----- DATASET ENTRIES -----

(* Let $0<x_{0}<x_{1}<\infty$, $g\in C^{1}[x_{0},x_{1}]$ with $g>0$ on $[x_{0},x_{1}]$, $w\in C[x_{0},x_{1}]$ with $w\ge0$ a.e., and $q\in L^{\infty}[x_{0},x_{1}]$ with $q\ge0$ a.e. On $H=L^{1}[x_{0},x_{1}]$ define $\mathcal{L}[p]=-(gp)'-wp$ with domain $\mathcal{D}(\mathcal{L})=\{\phi\in H:(g\phi)'\in H,\ (g\phi)(x_{0})=\int_{x_{0}}^{x_{1}}q(x)\phi(x)\,dx\}$. Then $\mathcal{L}$ has a compact resolvent, i.e. its resolvent set $\rho(\mathcal{L})$ is nonempty and $R(\lambda,\mathcal{L})$ is compact for all $\lambda\in\rho(\mathcal{L})$. *)

theory Defs
  imports "HOL-Analysis.Analysis"
begin

text \<open>The space H = L^1[a,b] of complex-valued integrable functions, represented by
  functions real => complex that are Lebesgue integrable on [a,b]; elements of H are
  identified up to equality almost everywhere (predicate aeq).\<close>

definition L1 :: "real \<Rightarrow> real \<Rightarrow> (real \<Rightarrow> complex) set" where
  "L1 a b = {f. integrable (lebesgue_on {a..b}) f}"

definition L1norm :: "real \<Rightarrow> real \<Rightarrow> (real \<Rightarrow> complex) \<Rightarrow> real" where
  "L1norm a b f = integral\<^sup>L (lebesgue_on {a..b}) (\<lambda>x. norm (f x))"

definition aeq :: "real \<Rightarrow> real \<Rightarrow> (real \<Rightarrow> complex) \<Rightarrow> (real \<Rightarrow> complex) \<Rightarrow> bool" where
  "aeq a b f h \<longleftrightarrow> (AE x in lebesgue_on {a..b}. f x = h x)"

text \<open>Graph of the operator  L[p] = -(g p)' - w p  with domain
  D(L) = {phi in H : (g phi)' in H, (g phi)(a) = int_a^b q phi}.
  "(g phi)' in H" means: g phi agrees a.e. with an absolutely continuous function,
  i.e. with  c + int_a^x psi  for some psi in H; then (g phi)' = psi and (g phi)(a) = c.
  The boundary condition fixes c = int_a^b q phi.
  opL_graph a b g w q phi chi  says  phi in D(L)  and  L[phi] = chi  (a.e.).\<close>

definition opL_graph ::
  "real \<Rightarrow> real \<Rightarrow> (real \<Rightarrow> real) \<Rightarrow> (real \<Rightarrow> real) \<Rightarrow> (real \<Rightarrow> real)
    \<Rightarrow> (real \<Rightarrow> complex) \<Rightarrow> (real \<Rightarrow> complex) \<Rightarrow> bool" where
  "opL_graph a b g w q \<phi> v \<longleftrightarrow>
     \<phi> \<in> L1 a b \<and> v \<in> L1 a b \<and>
     (\<exists>\<psi> \<in> L1 a b.
        (AE x in lebesgue_on {a..b}.
           complex_of_real (g x) * \<phi> x =
             integral\<^sup>L (lebesgue_on {a..b}) (\<lambda>t. complex_of_real (q t) * \<phi> t)
             + integral\<^sup>L (lebesgue_on {a..x}) \<psi>) \<and>
        (AE x in lebesgue_on {a..b}. v x = - \<psi> x - complex_of_real (w x) * \<phi> x))"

-----

▸ TASK OBJECTIVE
Take the entries above and return only the lines from the one with "phi)(a) = c." to the one with "q \<phi> v \<longleftrightarrow>", both included, unchanged.

▸ OUTPUT OF THE EXERCISE
  i.e. with  c + int_a^x psi  for some psi in H; then (g phi)' = psi and (g phi)(a) = c.
  The boundary condition fixes c = int_a^b q phi.
  opL_graph a b g w q phi chi  says  phi in D(L)  and  L[phi] = chi  (a.e.).\<close>

definition opL_graph ::
  "real \<Rightarrow> real \<Rightarrow> (real \<Rightarrow> real) \<Rightarrow> (real \<Rightarrow> real) \<Rightarrow> (real \<Rightarrow> real)
    \<Rightarrow> (real \<Rightarrow> complex) \<Rightarrow> (real \<Rightarrow> complex) \<Rightarrow> bool" where
  "opL_graph a b g w q \<phi> v \<longleftrightarrow>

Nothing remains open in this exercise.